3 expert tips to improve your speed
Whether you’re a long-time running fan, someone who picked up the habit during lockdown, or someone new to the sport, the question of how to develop running speed is quite common.
Since I’ve never run a mile at anything considered a “fast” speed, I reached out to an expert for some advice here. Samantha Shearman is a physical therapist, sports scientist, founder of the 10 Weeks to Stronger Running app, and ambassador for the UA All Out Mile Challenge.
If you’re wondering, the UA All Out Mile is a common international challenge (lol) of June 1 to June 5 in which you are asked to attempt a 1 mile or 1.6 km run, using UA MapMyRun, at your fastest speed. You can attempt it as many times as you want during the challenge period and your best time will be recorded in the leaderboard.
For those looking to improve their running speed or train before the All Out Mile competition, here are Shearman’s top tips.
How to improve running speed
High Intensity Interval Workouts Are Your Friend
Via email, Shearman explained that “ITo run a mile faster, a runner needs to train both their anaerobic system (which provides short-term explosive energy) and their aerobic system (which uses oxygen to provide energy, think of it as our engine).
She suggested introducing workout styles into your workout as below:
- Fartlek sessions – eg continuous running with periods of faster running
- Speed intervals – for example, maintain a fast pace for a short period of time, with full rest in between
- Hill reps – e.g. repeat running intervals on a difficult gill
- Tempo sessions – eg continuous running at an intensity between our aerobic and anaerobic thresholds. This is about 85-90% of maximum heart rate.
It’s important to remember here, though, that while high-intensity training is important for increasing speed, so is adequate rest. Shearman said that “a runner should also include easy and steady sessions” in their training program “to develop their aerobic base”.
“Building a strong aerobic base can also improve high-intensity performance because it increases your VO2max (maximum amount of oxygen consumed by the body), lactate threshold (the point where lactate begins to build up in the blood ) and running economy (how efficiently the body uses oxygen),” she added.
Don’t Skip Strength Training
We’ve written about the power of strength training for running before, and Shearman certainly agrees.
“Research shows that runners benefit from lifting low-repetition high loads to improve their running performance,” she said.
She explained that things like generating more power, increased muscle stimulation and coordination, and better elastic energy “lead to a more powerful stride” for runners.
“Strength training has been shown to improve time trial performance in runners, just as we improve running economy. Importantly, it can help reduce the risk of injury,” Shearman pointed out.
When introducing strength training as a way to help increase your speed when running, Shearman suggested two sessions per week using “compound movements such as squats and deadlifts, single leg exercises to improve stability – and make sure you never neglect the calves.
Don’t forget the warm-up
Ah, the most overlooked element of fitness ever (except for a cool down, perhaps).
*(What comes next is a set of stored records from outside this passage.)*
lemma part_at_eq_sum_conj_mult:
  assumes "is_partition xs" "1 \<le> i" "length xs < i + t"
  shows "part_at xs i = (\<Sum>l=i..<i+t. conj_mult xs l)"
  using telescope_antimono[of "part_at xs" i t] part_at_antimono[OF assms(1)] assms(2)
    part_at_beyond_length[OF assms(3)]
  by (simp add: conj_mult_def)

lemma partition_eqI_conj_mult:
  assumes "is_partition xs" "is_partition ys" "\<And>l. 1 \<le> l \<Longrightarrow> conj_mult xs l = conj_mult ys l"
  shows "xs = ys"
proof (rule partition_eqI_part_at[OF assms(1,2)])
  fix i :: nat assume i: "1 \<le> i"
  define t where "t = length xs + length ys + 1"
  have "part_at xs i = (\<Sum>l=i..<i+t. conj_mult xs l)" "part_at ys i = (\<Sum>l=i..<i+t. conj_mult ys l)"
    using part_at_eq_sum_conj_mult[OF assms(1) i, of t] part_at_eq_sum_conj_mult[OF assms(2) i, of t]
    by (simp_all add: t_def)
  then show "part_at xs i = part_at ys i"
    using assms(3) i by simp
qed

lemma partition_with_part_at:
  fixes a :: "nat \<Rightarrow> nat"
  assumes "a 0 = 0" and antimono: "\<And>i. 1 \<le> i \<Longrightarrow> a (Suc i) \<le> a i"
    and "\<And>i. N \<le> i \<Longrightarrow> a i = 0"
  obtains xs where "is_partition xs" "part_at xs = a"
proof -
  define r where "r = (LEAST i. a (Suc i) = 0)"
  have a_Suc_r: "a (Suc r) = 0" unfolding r_def by (rule LeastI[of _ N]) (simp add: assms(3))
  have pos: "a (Suc i) \<noteq> 0" if "i < r" for i using not_less_Least[OF that[unfolded r_def]] .
  have le: "a i' \<le> a i" if "1 \<le> i" "i \<le> i'" for i i'
    using that(2) by (induction i' rule: dec_induct) (use antimono that(1) order_trans in auto)
  define xs where "xs = map (\<lambda>i. a (Suc i)) [0..<r]"
  have "is_partition xs"
    using le pos by (auto simp: is_partition_def xs_def sorted_wrt_iff_nth_less)
  moreover have "part_at xs i = a i" for i
    using le[of "Suc r" i] a_Suc_r assms(1) by (cases "i = 0") (auto simp: part_at_def xs_def)
  ultimately show thesis using that by blast
qed

lemma partition_with_conj_mult:
  fixes d :: "nat \<Rightarrow> nat"
  assumes "\<And>l. N \<le> l \<Longrightarrow> d l = 0"
  obtains xs where "is_partition xs" "\<And>l. 1 \<le> l \<Longrightarrow> conj_mult xs l = d l"
proof -
  define a where "a i = (if i = 0 then 0 else \<Sum>l=i..<N. d l)" for i
  obtain xs where xs: "is_partition xs" "part_at xs = a"
    by (rule partition_with_part_at[of a N]) (auto simp: a_def intro: sum_mono2)
  have "a l - a (Suc l) = d l" if "1 \<le> l" for l
    using that assms by (cases "l < N") (simp_all add: a_def sum.atLeast_Suc_lessThan)
  then show thesis using that xs by (simp add: conj_mult_def)
qed

lemma alpha_of_eqI:
  assumes "is_partition \<alpha>" "\<And>k. 1 \<le> k \<Longrightarrow> conj_mult xs (2*k) = count (mset \<alpha>) k"
  shows "alpha_of xs = \<alpha>"
proof (rule partition_eqI_mset)
  show "is_partition (alpha_of xs)" by (simp add: alpha_of_def is_partition_from_mult)
  show "mset (alpha_of xs) = mset \<alpha>"
  proof (rule multiset_eqI)
    fix k
    show "count (mset (alpha_of xs)) k = count (mset \<alpha>) k"
    proof (cases "k = 0")
      case True
      then show ?thesis using assms(1)
        by (auto simp: alpha_of_conj_mult count_mset_from_mult is_partition_def count_eq_zero_iff)
    qed (use assms(2) in \<open>simp add: count_mset_alpha_of\<close>)
  qed
qed (fact assms(1))

lemma beta_of_eqI:
  assumes "is_partition \<beta>" "\<And>k. 1 \<le> k \<Longrightarrow> conj_mult xs (2*k+1) = count (mset \<beta>) k"
  shows "beta_of xs = \<beta>"
proof (rule partition_eqI_mset)
  show "is_partition (beta_of xs)" by (simp add: beta_of_def is_partition_from_mult)
  show "mset (beta_of xs) = mset \<beta>"
  proof (rule multiset_eqI)
    fix k
    show "count (mset (beta_of xs)) k = count (mset \<beta>) k"
    proof (cases "k = 0")
      case True
      then show ?thesis using assms(1)
        by (auto simp: beta_of_conj_mult count_mset_from_mult is_partition_def count_eq_zero_iff)
    qed (use assms(2) in \<open>simp add: count_mset_beta_of\<close>)
  qed
qed (fact assms(1))

lemma alpha_beta_in_pair_target:
  assumes "xs \<in> F n j"
  shows "(alpha_of xs, beta_of xs) \<in> pair_target n j"
proof -
  have xs: "is_partition xs" "sum_list xs = n" "even_part_sum xs = j"
    using assms by (auto simp: F_def partitions_def)
  show ?thesis
    using sum_list_alpha_beta_eq_even_part_sum[OF xs(1)]
      sum_list_eq_conj_mult_even_part_sum_beta[OF xs(1)] xs(2,3)
    by (auto simp: pair_target_def alpha_of_def beta_of_def is_partition_from_mult)
qed

lemma inj_on_alpha_beta: "inj_on (\<lambda>xs. (alpha_of xs, beta_of xs)) (F n j)"
proof (rule inj_onI)
  fix xs ys
  assume "xs \<in> F n j" "ys \<in> F n j" and eq: "(alpha_of xs, beta_of xs) = (alpha_of ys, beta_of ys)"
  then have xs: "is_partition xs" "sum_list xs = n" "even_part_sum xs = j"
    and ys: "is_partition ys" "sum_list ys = n" "even_part_sum ys = j"
    by (auto simp: F_def partitions_def)
  have "conj_mult xs l = conj_mult ys l" if "1 \<le> l" for l
  proof -
    consider "l = 1" | k where "1 \<le> k" "l = 2*k" | k where "1 \<le> k" "l = 2*k+1"
      using \<open>1 \<le> l\<close> by (cases "even l"; cases "l = 1") (auto elim!: evenE oddE)
    then show ?thesis
    proof cases
      case 1
      then show ?thesis
        using sum_list_eq_conj_mult_even_part_sum_beta[OF xs(1)]
          sum_list_eq_conj_mult_even_part_sum_beta[OF ys(1)] xs ys eq by simp
    next
      case 2
      then show ?thesis using count_mset_alpha_of[of xs k] count_mset_alpha_of[of ys k] eq by simp
    next
      case 3
      then show ?thesis using count_mset_beta_of[of k xs] count_mset_beta_of[of k ys] eq by simp
    qed
  qed
  then show "xs = ys" by (rule partition_eqI_conj_mult[OF xs(1) ys(1)])
qed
Here, Shearman said that “tThe final piece of the puzzle is making sure you’re warming up enough so your body can perform at its best when running for speed.
“Warming up wakes up the nervous system, elevates your heart rate, improves joint range of motion, muscle temperature, and tendon elasticity so your body is ready to perform at full capacity right from the start,” he said. she explains.
If you need advice on where to start your warm-up, she suggested:
- Light jogging (10-15 min)
- Dynamic stretches: such as leg swings, hip openers, dynamic walking lunges
- Running technique exercises: such as A-Skip, Bottom Kicks, High Knees
- Stride: short accelerations of 50 to 100 m reaching 95% of the maximum speed
Now go ahead and get yourself a PB. Oh, and if you need some new running shoes, check out this review we wrote a while back.